What is expected: In the entries that follow, the line with "(auto simp: xs_ys)" opens the range and the line with "ultimately show ?thesis" closes it; repeat that range exactly, both lines included.

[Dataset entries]

⁂

(* Let $G$ be a finite group and let $H\leq G$. Consider the square matrix \[ \bigl( |P\backslash G /Q| \bigr)_{P,Q}, \] whose rows and columns are indexed by the $G$-conjugacy classes of subgroups of $H$ (with $P,Q$ representatives of these classes), and whose $(P,Q)$-entry is the number of $(P,Q)$-double cosets $PgQ$, $g\in G$. Then the rank of this matrix (over $\mathbb{Q}$) is equal to the number of $G$-conjugacy classes of cyclic subgroups of $H$.
   Context: Two subgroups $P,Q\leq H$ are $G$-conjugate if $Q=gPg^{-1}$ for some $g\in G$. The number $|P\backslash G/Q|$ depends only on the $G$-conjugacy classes of $P$ and $Q$. *)

theory Defs
  imports "HOL-Algebra.Algebra" "Jordan_Normal_Form.DL_Rank"
begin

definition subgroups_of :: "('a, 'b) monoid_scheme \<Rightarrow> 'a set \<Rightarrow> 'a set set" where
  "subgroups_of G H = {P. subgroup P G \<and> P \<subseteq> H}"

definition G_conjugate :: "('a, 'b) monoid_scheme \<Rightarrow> 'a set \<Rightarrow> 'a set \<Rightarrow> bool" where
  "G_conjugate G P Q \<longleftrightarrow> (\<exists>g\<in>carrier G. Q = (g <#\<^bsub>G\<^esub> P) #>\<^bsub>G\<^esub> inv\<^bsub>G\<^esub> g)"

definition conj_classes_of_subgroups :: "('a, 'b) monoid_scheme \<Rightarrow> 'a set \<Rightarrow> 'a set set set" where
  "conj_classes_of_subgroups G H =
     (\<lambda>P. {Q \<in> subgroups_of G H. G_conjugate G P Q}) ` subgroups_of G H"

definition class_rep :: "'a set set \<Rightarrow> 'a set" where
  "class_rep C = (SOME P. P \<in> C)"

definition double_cosets :: "('a, 'b) monoid_scheme \<Rightarrow> 'a set \<Rightarrow> 'a set \<Rightarrow> 'a set set" where
  "double_cosets G P Q = {P <#>\<^bsub>G\<^esub> (g <#\<^bsub>G\<^esub> Q) | g. g \<in> carrier G}"

definition cyclic_subgroup :: "('a, 'b) monoid_scheme \<Rightarrow> 'a set \<Rightarrow> bool" where
  "cyclic_subgroup G P \<longleftrightarrow> (\<exists>g\<in>carrier G. P = generate G {g})"

definition conj_classes_of_cyclic_subgroups :: "('a, 'b) monoid_scheme \<Rightarrow> 'a set \<Rightarrow> 'a set set set" where
  "conj_classes_of_cyclic_subgroups G H =
     {C \<in> conj_classes_of_subgroups G H. \<exists>P\<in>C. cyclic_subgroup G P}"

text \<open>The double coset matrix, w.r.t. an enumeration e of the classes by 0..n-1.\<close>
definition double_coset_matrix ::
  "('a, 'b) monoid_scheme \<Rightarrow> (nat \<Rightarrow> 'a set set) \<Rightarrow> nat \<Rightarrow> rat mat" where
  "double_coset_matrix G e n =
     mat n n (\<lambda>(i, j). of_nat (card (double_cosets G (class_rep (e i)) (class_rep (e j)))))"
lemma card_nonzero_field: "card {x::'a::{field,finite}. x \<noteq> 0} = CARD('a) - 1"
proof -
  have "{x::'a. x \<noteq> 0} = UNIV - {0}" by auto
  then show ?thesis by (simp add: card_Diff_subset)
qed

lemma card_field_ge_2: "CARD('a::{field,finite}) \<ge> 2"
  using card_mono[of UNIV "{0, 1::'a}"] by simp

lemma power_card_UNIV_minus_one:
  fixes x :: "'a::{field,finite}"
  assumes "x \<noteq> 0"
  shows "x ^ (CARD('a) - 1) = 1"
proof -
  let ?A = "{y::'a. y \<noteq> 0}"
  have "(\<Prod>y\<in>?A. y) = (\<Prod>y\<in>?A. x * y)"
    by (rule prod.reindex_bij_witness[of _ "\<lambda>y. x * y" "\<lambda>y. y / x"]) (use assms in auto)
  also have "\<dots> = x ^ (CARD('a) - 1) * (\<Prod>y\<in>?A. y)"
    by (simp add: prod.distrib card_nonzero_field)
  finally show ?thesis by simp
qed

lemma power_card_UNIV_eq_same: "(x::'a::{field,finite}) ^ CARD('a) = x"
proof (cases "x = 0")
  case False
  have "x ^ CARD('a) = x * x ^ (CARD('a) - 1)"
    using card_field_ge_2[where 'a='a] by (simp flip: power_Suc)
  then show ?thesis using power_card_UNIV_minus_one[OF False] by simp
qed simp

text \<open>In a finite field of order \<open>d k + 1\<close>, the \<open>d\<close>-th powers of the
  units are exactly the \<open>k\<close>-th roots of unity: they are among them by Fermat, there are at
  least \<open>k\<close> of them since every fibre has at most \<open>d\<close> elements, and there are at most
  \<open>k\<close> roots of unity.\<close>

lemma card_image_power_nonzero_ge:
  assumes "d * k = CARD('a::{field,finite}) - 1"
  shows "k \<le> card ((\<lambda>x. x ^ d) ` {x::'a. x \<noteq> 0})"
proof -
  have "d > 0" using assms card_field_ge_2[where 'a='a] by (cases d) auto
  have "d * k \<le> d * card ((\<lambda>x. x ^ d) ` {x::'a. x \<noteq> 0})"
  proof (unfold assms, subst card_nonzero_field[symmetric], rule card_le_mult_card_image)
    fix c :: 'a
    have "card {x \<in> {x::'a. x \<noteq> 0}. x ^ d = c} \<le> card {x::'a. x ^ d = c}"
      by (rule card_mono) auto
    also have "\<dots> \<le> d" by (rule card_power_eq_le[OF \<open>d > 0\<close>])
    finally show "card {x \<in> {x::'a. x \<noteq> 0}. x ^ d = c} \<le> d" .
  qed simp
  then show ?thesis using \<open>d > 0\<close> by simp
qed
lemma up_E_add_edges:
  assumes "F \<in> up_E Lang ar \<F>" "is_model Lang ar F'"
    and "verts F' = verts F" "edges F \<subseteq> edges F'" "rels F' = rels F"
  shows "F' \<in> up_E Lang ar \<F>"
proof -
  obtain F0 where "F0 \<in> \<F>" "verts F = verts F0" "edges F0 \<subseteq> edges F" "\<forall>P\<in>Lang. rels F P = rels F0 P"
    using assms(1) unfolding up_E_def by blast
  hence "verts F' = verts F0 \<and> edges F0 \<subseteq> edges F' \<and> (\<forall>P\<in>Lang. rels F' P = rels F0 P)"
    using assms(3-5) by auto
  thus ?thesis using assms(2) \<open>F0 \<in> \<F>\<close> unfolding up_E_def by blast
qed

lemma struct_iso_up_E_if_edges_contain_copy:
  assumes F': "F' \<in> up_E Lang ar \<F>" and k: "bij_betw k (verts A) (verts F')"
    and A_edges: "edges A \<subseteq> verts A \<times> verts A" "sym (edges A)" "irrefl (edges A)"
    and rels: "\<forall>P\<in>Lang. \<forall>xs. set xs \<subseteq> verts A \<longrightarrow> (xs \<in> rels A P \<longleftrightarrow> map k xs \<in> rels F' P)"
    and edges: "edges F' \<subseteq> map_prod k k ` edges A"
  shows "\<exists>F''\<in>up_E Lang ar \<F>. struct_iso Lang A F''"
proof -
  let ?F'' = "F'\<lparr>edges := map_prod k k ` edges A\<rparr>"
  have "is_model Lang ar ?F''"
    using F' k A_edges by (intro is_model_with_edges) (auto simp: up_E_def bij_betw_def)
  with F' have "?F'' \<in> up_E Lang ar \<F>" by (rule up_E_add_edges) (simp_all add: edges)
  thus ?thesis using struct_iso_with_edges[OF k A_edges(1) rels] by blast
qed

lemma forb_model_pullback_struct:
  assumes M: "forb_model Lang ar (up_E Lang ar \<F>) M" and G: "fin_graph G"
    and f: "inj_on f (fst G)" "f ` fst G \<subseteq> verts M" "\<forall>(x, y)\<in>snd G. (f x, f y) \<in> edges M"
  shows "forb_model Lang ar (up_E Lang ar \<F>) (pullback_struct f G Lang M)"
proof -
  let ?N = "pullback_struct f G Lang M"
  have M_model: "is_model Lang ar M" using M by (simp add: forb_model_def)
  have False if U: "U \<subseteq> fst G" "U \<noteq> {}" and F': "F' \<in> up_E Lang ar \<F>"
    and "struct_iso Lang (induced ?N U) F'" for U F'
  proof -
    obtain g where g: "bij_betw g U (verts F')"
      and g_edges: "\<forall>x\<in>U. \<forall>y\<in>U. (x, y) \<in> snd G \<inter> (U \<times> U) \<longleftrightarrow> (g x, g y) \<in> edges F'"
      and g_rels: "\<forall>P\<in>Lang. \<forall>xs. set xs \<subseteq> U \<longrightarrow>
                     (xs \<in> rels ?N P \<and> set xs \<subseteq> U \<longleftrightarrow> map g xs \<in> rels F' P)"
      using \<open>struct_iso Lang (induced ?N U) F'\<close>
      unfolding struct_iso_def induced_def pullback_struct_def by auto
    define A where "A = induced M (f ` U)"
    define k where "k = g \<circ> inv_into U f"
    have f_U: "bij_betw f U (f ` U)" using f(1) U(1) by (simp add: bij_betw_imageI inj_on_subset)
    have k_f: "k (f x) = g x" if "x \<in> U" for x
      using f_U that unfolding k_def bij_betw_def by simp
    have verts_A: "verts A = f ` U" by (simp add: A_def induced_def)
    have k: "bij_betw k (verts A) (verts F')"
      unfolding k_def verts_A using bij_betw_inv_into[OF f_U] g by (rule bij_betw_trans)
    have A_edges: "edges A \<subseteq> verts A \<times> verts A" "sym (edges A)" "irrefl (edges A)"
      using M_model unfolding A_def induced_def is_model_def sym_def irrefl_def by auto
    have "edges F' \<subseteq> map_prod k k ` edges A"
    proof clarify
      fix p q assume pq: "(p, q) \<in> edges F'"
      hence "p \<in> verts F'" "q \<in> verts F'" using F' unfolding up_E_def is_model_def by auto
      then obtain x y where xy: "x \<in> U" "y \<in> U" "p = g x" "q = g y"
        using g by (metis bij_betw_imp_surj_on imageE)
      hence "(f x, f y) \<in> edges A" using g_edges f(3) pq by (auto simp: A_def induced_def)
      moreover have "(p, q) = map_prod k k (f x, f y)" using xy k_f by simp
      ultimately show "(p, q) \<in> map_prod k k ` edges A" by (metis image_eqI)
    qed
    moreover have "xs \<in> rels A P \<longleftrightarrow> map k xs \<in> rels F' P"
      if P: "P \<in> Lang" and xs: "set xs \<subseteq> verts A" for P xs
    proof -
      define ys where "ys = map (inv_into U f) xs"
      have ys: "set ys \<subseteq> U" using xs by (auto simp: ys_def verts_A inv_into_into)
      have xs_ys: "xs = map f ys"
        unfolding ys_def map_map using xs by (intro map_idI[symmetric]) (auto simp: verts_A f_inv_into_f)
      have k_xs: "map k xs = map g ys" using ys k_f by (auto simp: xs_ys)
      have "xs \<in> rels A P \<longleftrightarrow> ys \<in> rels ?N P"
        using ys U(1) P by (auto simp: xs_ys A_def induced_def pullback_struct_def)
      also have "\<dots> \<longleftrightarrow> map k xs \<in> rels F' P" using g_rels P ys by (simp add: k_xs)
      finally show ?thesis .
    qed
    ultimately obtain F'' where "F'' \<in> up_E Lang ar \<F>" "struct_iso Lang A F''"
      using struct_iso_up_E_if_edges_contain_copy[OF F' k A_edges] by blast
    moreover have "f ` U \<subseteq> verts M" "f ` U \<noteq> {}" using f(2) U by auto
    ultimately show False using M unfolding forb_model_def A_def by blast
  qed
  moreover have "verts ?N = fst G" by (simp add: pullback_struct_def)
  ultimately show ?thesis
    using is_model_pullback_struct[OF M_model G f(1)] unfolding forb_model_def by blast
qed

definition realisable :: "'p set \<Rightarrow> ('p \<Rightarrow> nat) \<Rightarrow> 'p lstruct set \<Rightarrow> graph \<Rightarrow> bool" where
  "realisable Lang ar \<F> G \<longleftrightarrow>
     (\<exists>M. forb_model Lang ar (up_E Lang ar \<F>) M \<and> graph_iso (graph_part M) G)"

lemma realisable_if_subgraph_emb:
  assumes "forb_model Lang ar (up_E Lang ar \<F>) M" "fin_graph G" "subgraph_emb G (graph_part M)"
  shows "realisable Lang ar \<F> G"
proof -
  obtain f where f: "inj_on f (fst G)" "f ` fst G \<subseteq> verts M" "\<forall>(x, y)\<in>snd G. (f x, f y) \<in> edges M"
    using assms(3) unfolding subgraph_emb_def graph_part_def by auto
  have "graph_iso (graph_part (pullback_struct f G Lang M)) G"
    unfolding graph_iso_def graph_part_def pullback_struct_def by (rule exI[of _ id]) simp
  thus ?thesis using forb_model_pullback_struct[OF assms(1,2) f] unfolding realisable_def by blast
qed

lemma realisable_subgraph:
  assumes "realisable Lang ar \<F> H" "fin_graph H" "subgraph_emb G H" "fin_graph G"
  shows "realisable Lang ar \<F> G"
proof -
  obtain M where M: "forb_model Lang ar (up_E Lang ar \<F>) M" "graph_iso (graph_part M) H"
    using assms(1) unfolding realisable_def by blast
  have "subgraph_emb H (graph_part M)"
    using graph_iso_imp_subgraph_emb[OF M(2)] assms(2) unfolding fin_graph_def by blast
  thus ?thesis using realisable_if_subgraph_emb M(1) assms(3,4) subgraph_emb_trans by blast
qed
lemma summable_sigma_term_squared:
  assumes "2 \<le> k"
  shows "summable (\<lambda>m. sigma_term (real k) (real (m + (k - 2)))^2)"
proof (rule summable_comparison_test[OF _ summable_mult[OF summable_inverse_consecutive, of 16]])
  have "sigma_term (real k) (real (m + (k - 2)))^2 \<le> 16 * (1 / ((real m + 1) * (real m + 2)))" for m
  proof -
    let ?x = "real (m + (k - 2))"
    have x: "real m + 2 \<le> ?x + 2"
      by simp
    have "sigma_term (real k) ?x^2 = \<bar>sigma_term (real k) ?x\<bar>^2"
      by simp
    also have "\<dots> \<le> (4 / (?x + 2))^2"
      using assms by (intro power_mono abs_sigma_term_le) auto
    also have "\<dots> \<le> 16 / ((real m + 1) * (real m + 2))"
      using x by (simp add: power2_eq_square divide_simps mult_mono)
    finally show ?thesis
      by simp
  qed
  then show "\<exists>N. \<forall>m\<ge>N. norm (sigma_term (real k) (real (m + (k - 2)))^2) \<le>
      16 * (1 / ((real m + 1) * (real m + 2)))"
    by auto
qed

lemma Sigma_k_series:
  assumes "2 \<le> k"
  shows "summable (\<lambda>n. \<bar>hip (ww^k * phi n) (zz^k * psi n)\<bar>^2)"
    and "Sigma_k k = (\<Sum>m. sigma_term (real k) (real (m + (k - 2)))^2)"
proof -
  define V where "V n = \<bar>hip (ww^k * phi n) (zz^k * psi n)\<bar>^2" for n
  have V_shift: "V (m + (k - 2)) = sigma_term (real k) (real (m + (k - 2)))^2" for m
    unfolding V_def using assms by (simp add: hip_shifted_phi_psi_sigma_term)
  have V_initial: "V n = 0" if "n < k - 2" for n
    unfolding V_def using assms that by (simp add: hip_shifted_phi_psi_cofactors)
  have "summable (\<lambda>m. V (m + (k - 2)))"
    unfolding V_shift using summable_sigma_term_squared[OF assms] .
  then show "summable V"
    by simp
  have "Sigma_k k = (\<Sum>m. V (m + (k - 2))) + (\<Sum>i<k - 2. V i)"
    unfolding Sigma_k_def V_def[symmetric] by (rule suminf_split_initial_segment) fact
  then show "Sigma_k k = (\<Sum>m. sigma_term (real k) (real (m + (k - 2)))^2)"
    by (simp add: V_shift V_initial)
qed

theorem mainTheorem8:
  shows "(\<forall>k n. k \<ge> 2 \<longrightarrow>
            hip (ww^k * phi n) (zz^k * psi n) =
              (if n + 3 \<le> k then 0
               else if n + 2 = k then Acof n 0 n * Acof n n 0 / (Dn n * Dn (n+1))
               else (- Acof (n+1) 0 (n+1) * Acof n n (n+1-k) + Acof n 0 n * Acof n n (n+2-k))
                      / (Dn n * Dn (n+1))))
       \<and> (\<forall>k. k \<ge> 3 \<longrightarrow>
            summable (\<lambda>n. \<bar>hip (ww^k * phi n) (zz^k * psi n)\<bar>^2) \<and>
            summable (\<lambda>m. (let n = real (m + (k - 2)); kk = real k in
               (2 * (n + 3 - kk) * (n^2 + 5*n + 4 + 3*kk - 3*kk^2))
                 / ((n+1)*(n+2)*(n+3)*(n+4)))^2) \<and>
            Sigma_k k = (\<Sum>m. (let n = real (m + (k - 2)); kk = real k in
               (2 * (n + 3 - kk) * (n^2 + 5*n + 4 + 3*kk - 3*kk^2))
                 / ((n+1)*(n+2)*(n+3)*(n+4)))^2))"
proof -
  have sigma_term_let: "(let n = real (m + (k - 2)); kk = real k in
      (2 * (n + 3 - kk) * (n^2 + 5*n + 4 + 3*kk - 3*kk^2)) / ((n+1)*(n+2)*(n+3)*(n+4)))
    = sigma_term (real k) (real (m + (k - 2)))" for k m
    by (simp only: Let_def sigma_term_def)
  show ?thesis
    unfolding sigma_term_let
    using hip_shifted_phi_psi_cofactors summable_sigma_term_squared Sigma_k_series by auto
qed

end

⁂

Response:
      have k_xs: "map k xs = map g ys" using ys k_f by (auto simp: xs_ys)
      have "xs \<in> rels A P \<longleftrightarrow> ys \<in> rels ?N P"
        using ys U(1) P by (auto simp: xs_ys A_def induced_def pullback_struct_def)
      also have "\<dots> \<longleftrightarrow> map k xs \<in> rels F' P" using g_rels P ys by (simp add: k_xs)
      finally show ?thesis .
    qed
    ultimately obtain F'' where "F'' \<in> up_E Lang ar \<F>" "struct_iso Lang A F''"
      using struct_iso_up_E_if_edges_contain_copy[OF F' k A_edges] by blast
    moreover have "f ` U \<subseteq> verts M" "f ` U \<noteq> {}" using f(2) U by auto
    ultimately show False using M unfolding forb_model_def A_def by blast
  qed
  moreover have "verts ?N = fst G" by (simp add: pullback_struct_def)
  ultimately show ?thesis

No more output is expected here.